lemma ln_gibbs_Z_le:
  assumes T: "1 \<le> T"
  shows "ln (gibbs_Z T s) \<le> ln (real T) + (s + ln 2 / 2)\<^sup>2 / (2 * ln 2)"
proof -
  define M where "M = (s + ln 2 / 2)\<^sup>2 / (2 * ln 2)"
  have "gibbs_weight s i \<le> exp M" for i
  proof -
    have "2 powr real (i choose 2) \<le> dd i"
      unfolding dd_def by simp
    then have "gibbs_weight s i \<le> exp (s * real i) / 2 powr real (i choose 2)"
      unfolding gibbs_weight_def using dd_pos[of i] by (intro divide_left_mono) auto
    also have "\<dots> = exp (s * real i - real (i choose 2) * ln 2)"
      by (simp add: powr_def exp_diff)
    also have "\<dots> \<le> exp M"
    proof -
      have "M - (s * real i - real (i choose 2) * ln 2) = (s + ln 2 / 2 - ln 2 * real i)\<^sup>2 / (2 * ln 2)"
        unfolding M_def real_choose_two by (simp add: field_simps power2_eq_square)
      moreover have "0 \<le> (s + ln 2 / 2 - ln 2 * real i)\<^sup>2 / (2 * ln 2)"
        by simp
      ultimately have "s * real i - real (i choose 2) * ln 2 \<le> M"
        by linarith
      then show ?thesis
        by simp
    qed
    finally show ?thesis .
  qed
  then have "gibbs_Z T s \<le> real T * exp M"
    unfolding gibbs_moment_def using sum_mono[of "{1..T}" "gibbs_weight s" "\<lambda>_. exp M"] by simp
  then have "ln (gibbs_Z T s) \<le> ln (real T * exp M)"
    using gibbs_Z_pos[OF T, of s] by (subst ln_le_cancel_iff) auto
  then show ?thesis
    using T by (simp add: ln_mult M_def)
qed

section \<open>Asymptotics in the regime t = alpha0 n + O(1)\<close>

lemma mult_ln2_bounds:
  fixes x :: real
  assumes "0 \<le> x"
  shows "x * ln 2 \<le> x" "x \<le> 3 / 2 * (x * ln 2)"
proof -
  show "x * ln 2 \<le> x"
    using assms ln_2_less_1 by (simp add: mult_left_le)
  have "x * (2 / 3) \<le> x * ln 2"
    using assms ln2_ge_two_thirds by (intro mult_left_mono) auto
  then show "x \<le> 3 / 2 * (x * ln 2)"
    by simp
qed

lemma ln_le_ln_double:
  fixes x b :: real
  assumes "0 < x" "x * ln 2 \<le> b"
  shows "ln x \<le> ln (2 * b)"
proof -
  have "x \<le> 2 * b"
    using assms mult_ln2_bounds[of x] by linarith
  then show ?thesis
    using assms(1) by (intro ln_mono)
qed

lemma ln_gibbs_Z_ge_scaled:
  assumes T: "1 \<le> T" and \<tau>: "0 \<le> a" "a \<le> real T * ln 2" "real T * ln 2 \<le> b"
    and s: "real T * ln 2 - 2 * real K \<le> s"
  shows "a\<^sup>2 / 2 - 2 * real K * b - b * ln (2 * b) \<le> ln 2 * ln (gibbs_Z T s)"
proof -
  define \<tau> where "\<tau> = real T * ln 2"
  have lnT: "0 \<le> ln (real T)" "ln (real T) \<le> ln (2 * b)"
    using T \<tau> ln_le_ln_double[of "real T" b] by auto
  have "\<tau> * \<tau> - 2 * real K * \<tau> \<le> s * \<tau>"
    using mult_right_mono[OF s, of \<tau>] \<tau> unfolding \<tau>_def by (simp add: algebra_simps)
  moreover have "\<tau> * ln (real T) \<le> \<tau> * ln (2 * b)" "0 \<le> \<tau> * ln 2"
    using lnT \<tau> unfolding \<tau>_def by (auto intro: mult_left_mono)
  ultimately have "\<tau> * \<tau> / 2 - 2 * real K * \<tau> - \<tau> * ln (2 * b)
      \<le> s * \<tau> - (\<tau> * \<tau> - \<tau> * ln 2) / 2 - \<tau> * ln (real T)"
    by (simp add: field_simps)
  also have "\<dots> = ln 2 * (s * real T - real T * (real T - 1) / 2 * ln 2 - real T * ln (real T))"
    unfolding \<tau>_def by (simp add: algebra_simps)
  also have "\<dots> \<le> ln 2 * ln (gibbs_Z T s)"
    using ln_gibbs_Z_ge[OF T, of s] by (intro mult_left_mono) auto
  finally have "\<tau> * \<tau> / 2 - 2 * real K * \<tau> - \<tau> * ln (2 * b) \<le> ln 2 * ln (gibbs_Z T s)" .
  moreover have "a * a \<le> \<tau> * \<tau>" "2 * real K * \<tau> \<le> 2 * real K * b" "\<tau> * ln (2 * b) \<le> b * ln (2 * b)"
    using \<tau> lnT unfolding \<tau>_def by (auto intro: mult_mono mult_left_mono mult_right_mono)
  ultimately show ?thesis
    unfolding power2_eq_square by linarith
qed

lemma ln_gibbs_Z_le_scaled:
  assumes T: "1 \<le> T" and \<tau>: "real T * ln 2 \<le> b"
    and s: "0 \<le> s" "s \<le> (real T - 1) * ln 2 + ln (real T) - A"
  shows "ln 2 * ln (gibbs_Z T s) \<le> ln (2 * b) + (b + ln (2 * b) - A)\<^sup>2 / 2"
proof -
  have lnT: "0 \<le> ln (real T)" "ln (real T) \<le> ln (2 * b)"
    using T \<tau> ln_le_ln_double[of "real T" b] by auto
  have "ln 2 * ln (gibbs_Z T s) \<le> ln 2 * (ln (real T) + (s + ln 2 / 2)\<^sup>2 / (2 * ln 2))"
    using ln_gibbs_Z_le[OF T, of s] by (intro mult_left_mono) auto
  also have "\<dots> = ln 2 * ln (real T) + (s + ln 2 / 2)\<^sup>2 / 2"
    by (simp add: field_simps)
  also have "\<dots> \<le> ln (2 * b) + (b + ln (2 * b) - A)\<^sup>2 / 2"
  proof -
    have "ln 2 * ln (real T) \<le> ln (2 * b)"
      using mult_ln2_bounds(1)[of "ln (real T)"] lnT by (simp add: mult.commute)
    moreover have "(real T - 1) * ln 2 = real T * ln 2 - ln 2" "0 < ln (2::real)"
      by (simp_all add: algebra_simps)
    then have "s + ln 2 / 2 \<le> b + ln (2 * b) - A"
      using s(2) \<tau> lnT by linarith
    then have "(s + ln 2 / 2)\<^sup>2 \<le> (b + ln (2 * b) - A)\<^sup>2"
      using s(1) by (intro power_mono) auto
    ultimately show ?thesis
      by linarith
  qed
  finally show ?thesis .
qed

lemma eventually_tilt_scale:
  fixes A B c :: real and K :: nat
  shows "\<forall>\<^sub>F L in at_top. \<forall>T :: real. \<bar>T * ln 2 - (2 * L - 2 * ln L)\<bar> \<le> B \<longrightarrow>
     2 * real K + 2 \<le> T \<and>
     (\<forall>\<rho>. T - c \<le> \<rho> \<and> \<rho> \<le> T \<longrightarrow> L \<le> \<rho> \<and> \<rho> \<le> 6 * L) \<and>
     (\<forall>s. (T - 2 * real K) * ln 2 \<le> s \<and> s \<le> (T - 1) * ln 2 + ln T - A \<longrightarrow>
        L / 2 \<le> s - L + 1 \<and> s - L + 1 \<le> 2 * L)"
proof -
  define tm tp where "tm L = 2 * L - 2 * ln L - B" and "tp L = 2 * L - 2 * ln L + B" for L :: real
  have "\<forall>\<^sub>F L in at_top. 2 * real K + 2 \<le> tm L \<and> L + c \<le> tm L \<and> tp L \<le> 4 * L \<and>
      L / 2 \<le> tm L - 2 * real K - L + 1 \<and> tp L + ln (2 * tp L) - A - L + 1 \<le> 2 * L"
    unfolding tm_def tp_def by (intro eventually_conj; real_asymp)
  then show ?thesis
  proof (rule eventually_mono, intro allI impI, elim conjE)
    fix L T :: real
    assume asymp: "2 * real K + 2 \<le> tm L" "L + c \<le> tm L" "tp L \<le> 4 * L"
      "L / 2 \<le> tm L - 2 * real K - L + 1" "tp L + ln (2 * tp L) - A - L + 1 \<le> 2 * L"
      and "\<bar>T * ln 2 - (2 * L - 2 * ln L)\<bar> \<le> B"
    then have \<tau>: "tm L \<le> T * ln 2" "T * ln 2 \<le> tp L"
      unfolding tm_def tp_def by auto
    then have "0 < T * ln 2"
      using asymp(1) of_nat_0_le_iff[of K] by linarith
    then have T0: "0 < T"
      by (simp add: zero_less_mult_iff)
    note T = mult_ln2_bounds[OF less_imp_le[OF T0]]
    have "2 * real K + 2 \<le> T"
      using asymp(1) T \<tau> by linarith
    moreover have "L \<le> \<rho> \<and> \<rho> \<le> 6 * L" if "T - c \<le> \<rho>" "\<rho> \<le> T" for \<rho>
      using that asymp T \<tau> by linarith
    moreover have "L / 2 \<le> s - L + 1 \<and> s - L + 1 \<le> 2 * L"
      if s: "(T - 2 * real K) * ln 2 \<le> s" "s \<le> (T - 1) * ln 2 + ln T - A" for s
    proof
      have "real K * ln 2 \<le> real K"
        using mult_ln2_bounds(1)[of "real K"] by simp
      then show "L / 2 \<le> s - L + 1"
        using s(1) asymp(4) \<tau> by (simp add: algebra_simps)
      have "(T - 1) * ln 2 \<le> T * ln 2"
        by (simp add: algebra_simps)
      then show "s - L + 1 \<le> 2 * L"
        using s(2) \<tau> asymp(5) ln_le_ln_double[OF T0 \<tau>(2)] by linarith
    qed
    ultimately show "2 * real K + 2 \<le> T \<and>
      (\<forall>\<rho>. T - c \<le> \<rho> \<and> \<rho> \<le> T \<longrightarrow> L \<le> \<rho> \<and> \<rho> \<le> 6 * L) \<and>
      (\<forall>s. (T - 2 * real K) * ln 2 \<le> s \<and> s \<le> (T - 1) * ln 2 + ln T - A \<longrightarrow>
         L / 2 \<le> s - L + 1 \<and> s - L + 1 \<le> 2 * L)"
      by blast
  qed
qed
(* Let $T$ be a supercritical Galton–Watson tree with finite alphabet $\mathbb{A}$ and offspring distribution $W$, let $\mathscr{A}$ be a nonempty collection of nonempty subsets of $\mathbb{A}$, and let $g_{\mathscr{A}}(s)=\mathbb{P}(W^{(s)}\notin\overline{\mathscr{A}})$ for $s\in[0,1]$. If $g_{\mathscr{A}}$ has some fixed point $<1$, then almost surely, conditioned on nonextinction, there exist infinitely many $v\in T$ such that $T^v$ contains an $\mathscr{A}$-subtree.
   Context: Trees with alphabet $\mathbb{A}$ are prefix-closed subsets of $\mathbb{A}^*$ containing the empty word; $W_T(a)=\{i:ai\in T\}$; $T^v=\{j:vj\in T\}$. The Galton–Watson tree with offspring distribution $W$ (random subset of $\mathbb{A}$, $\mathbb{P}(i\in W)>0$ for all $i$) is $T_0=\{\emptyset\}$, $T_n=\{aj:a\in T_{n-1},j\in W_a\}$ with independent copies $W_a$; supercritical means $\mathbb{E}|W|>1$; nonextinction means $T_n\neq\emptyset$ for all $n$. An $\mathscr{A}$-subtree of a tree $S$ is a tree $S'\subseteq S$ with $W_{S'}(a)\in\mathscr{A}$ for all $a\in S'$. $\overline{\mathscr{A}}=\{S\subseteq\mathbb{A}:\exists X\in\mathscr{A}, X\subseteq S\}$. $W^{(s)}=W\cap Y$ with $Y$ independent, $\mathbb{P}(Y=B)=(1-s)^{|B|}s^{|\mathbb{A}\setminus B|}$. *)

theory Defs
  imports "HOL-Probability.Probability"
begin

definition is_tree :: "'a list set \<Rightarrow> bool" where
  "is_tree S \<longleftrightarrow> [] \<in> S \<and> (\<forall>u v. u @ v \<in> S \<longrightarrow> u \<in> S)"

definition children :: "'a list set \<Rightarrow> 'a list \<Rightarrow> 'a set" where
  "children S a = {i. a @ [i] \<in> S}"

definition subtree_at :: "'a list set \<Rightarrow> 'a list \<Rightarrow> 'a list set" where
  "subtree_at T v = {j. v @ j \<in> T}"

definition is_A_subtree :: "'a set set \<Rightarrow> 'a list set \<Rightarrow> 'a list set \<Rightarrow> bool" where
  "is_A_subtree \<A> S S' \<longleftrightarrow> is_tree S' \<and> S' \<subseteq> S \<and> (\<forall>a\<in>S'. children S' a \<in> \<A>)"

definition up_closure :: "'a set set \<Rightarrow> 'a set set" where
  "up_closure \<A> = {S. \<exists>X\<in>\<A>. X \<subseteq> S}"

(* Sample space of the Galton-Watson tree: independent copies W_v (v a word) of the offspring
   distribution W, i.e. the infinite product measure. *)
definition GW_space :: "'a set pmf \<Rightarrow> ('a list \<Rightarrow> 'a set) measure" where
  "GW_space W = PiM UNIV (\<lambda>_. measure_pmf W)"

fun GW_gen :: "('a list \<Rightarrow> 'a set) \<Rightarrow> nat \<Rightarrow> 'a list set" where
  "GW_gen \<omega> 0 = {[]}"
| "GW_gen \<omega> (Suc n) = {a @ [j] | a j. a \<in> GW_gen \<omega> n \<and> j \<in> \<omega> a}"

definition GW_tree :: "('a list \<Rightarrow> 'a set) \<Rightarrow> 'a list set" where
  "GW_tree \<omega> = (\<Union>n. GW_gen \<omega> n)"

definition nonextinct :: "('a list \<Rightarrow> 'a set) \<Rightarrow> bool" where
  "nonextinct \<omega> \<longleftrightarrow> (\<forall>n. GW_gen \<omega> n \<noteq> {})"

definition thin_weight :: "real \<Rightarrow> 'a::finite set \<Rightarrow> real" where
  "thin_weight s B = (1 - s) ^ card B * s ^ card (UNIV - B)"

(* g_\<A>(s) = P(W^(s) \<notin> \<A>-bar), W^(s) = W \<inter> Y with Y independent of W *)
definition g_fun :: "'a::finite set pmf \<Rightarrow> 'a set set \<Rightarrow> real \<Rightarrow> real" where
  "g_fun W \<A> s = (\<Sum>B\<in>UNIV. \<Sum>Y\<in>UNIV. pmf W B * thin_weight s Y *
       (if B \<inter> Y \<notin> up_closure \<A> then 1 else 0))"

end

theory Submission
  imports Defs
begin
definition connected_word :: "nat list \<Rightarrow> bool" where
  "connected_word w \<longleftrightarrow> (\<exists>a b. supp w = {a..b})"

definition CRHW :: "nat \<Rightarrow> nat list set" where
  "CRHW n = {w. length w = n \<and> (\<forall>i\<in>set w. 1 \<le> i) \<and> reverse_hookword w \<and> connected_word w}"

text \<open>Fillings: partial maps from cells (row, column), both 1-based, to entries.
  For t_1 the new row is on top, so previously filled boxes move down one row.\<close>
type_synonym filling = "nat \<times> nat \<Rightarrow> nat option"

definition fill_step :: "nat \<Rightarrow> nat \<Rightarrow> nat list \<times> filling \<Rightarrow> (nat list \<times> filling) option" where
  "fill_step i m st =
     (let \<alpha> = fst st; f = snd st in
      if i = 0 then None
      else if i = 1 then
        Some (1 # \<alpha>, \<lambda>(r, c). if r = 0 then None
                             else if r = 1 then (if c = 1 then Some m else None)
                             else f (r - 1, c))
      else if i - 1 \<in> set \<alpha> then
        Some (\<alpha>[leftmost \<alpha> (i - 1) := i], f((Suc (leftmost \<alpha> (i - 1)), i) := Some m))
      else None)"

text \<open>Apply t_{i_n}, then t_{i_{n-1}}, ..., then t_{i_1}; box added by t_{i_m} gets entry m.\<close>
definition fill_run :: "nat list \<Rightarrow> nat list \<Rightarrow> (nat list \<times> filling) option" where
  "fill_run w \<alpha> = foldr (\<lambda>m x. Option.bind x (fill_step (w ! (m - 1)) m))
                        [1..<Suc (length w)] (Some (\<alpha>, \<lambda>_. None))"

definition tau :: "nat list \<Rightarrow> nat list \<Rightarrow> filling" where
  "tau w \<alpha> = (case fill_run w \<alpha> of Some (_, f) \<Rightarrow> f | None \<Rightarrow> (\<lambda>_. None))"

definition col_entries :: "filling \<Rightarrow> nat \<Rightarrow> nat set" where
  "col_entries \<tau> c = {e. \<exists>r. \<tau> (r, c) = Some e}"

end

theory Submission
  imports Defs
begin

text \<open>The entries of \<open>\<tau>\<^sub>w\<close> in column \<open>c\<close> are exactly the positions \<open>m\<close> with \<open>i\<^sub>m = c\<close>,
  since every letter adds one box in its own column. If \<open>j\<close> occurs
  at a leg position \<open>p\<close>, then \<open>p\<close> is the last occurrence of \<open>j\<close> and every occurrence of
  the larger letter \<open>j + 1\<close> precedes \<open>p\<close>; an earlier occurrence of \<open>j\<close> preceded by some
  \<open>j + 1\<close> would break the weakly increasing arm. Connectedness guarantees that \<open>j + 1\<close>
  occurs at all.\<close>

lemma leftmost_nth:
  assumes "a \<in> set xs"
  shows "leftmost xs a < length xs" and "xs ! leftmost xs a = a"
  using LeastI_ex[of "\<lambda>r. r < length xs \<and> xs ! r = a"] assms
  by (auto simp: leftmost_def in_set_conv_nth)

definition filling_inside :: "nat list \<Rightarrow> filling \<Rightarrow> bool" where
  "filling_inside \<beta> f \<longleftrightarrow>
     (\<forall>r c e. f (r, c) = Some e \<longrightarrow> 1 \<le> r \<and> r \<le> length \<beta> \<and> c \<le> \<beta> ! (r - 1))"

lemma col_entries_fun_upd_fresh:
  assumes "f (r, c) = None"
  shows "col_entries (f((r, c) := Some m)) c' =
           (if c' = c then insert m (col_entries f c') else col_entries f c')"
  using assms by (auto simp: col_entries_def) (metis option.distinct(1))+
* * *
*The task*:
Search the records above for the string "letter". Copy every line that contains it.

*Exercise output*:
  since every letter adds one box in its own column. If \<open>j\<close> occurs
  the larger letter \<open>j + 1\<close> precedes \<open>p\<close>; an earlier occurrence of \<open>j\<close> preceded by some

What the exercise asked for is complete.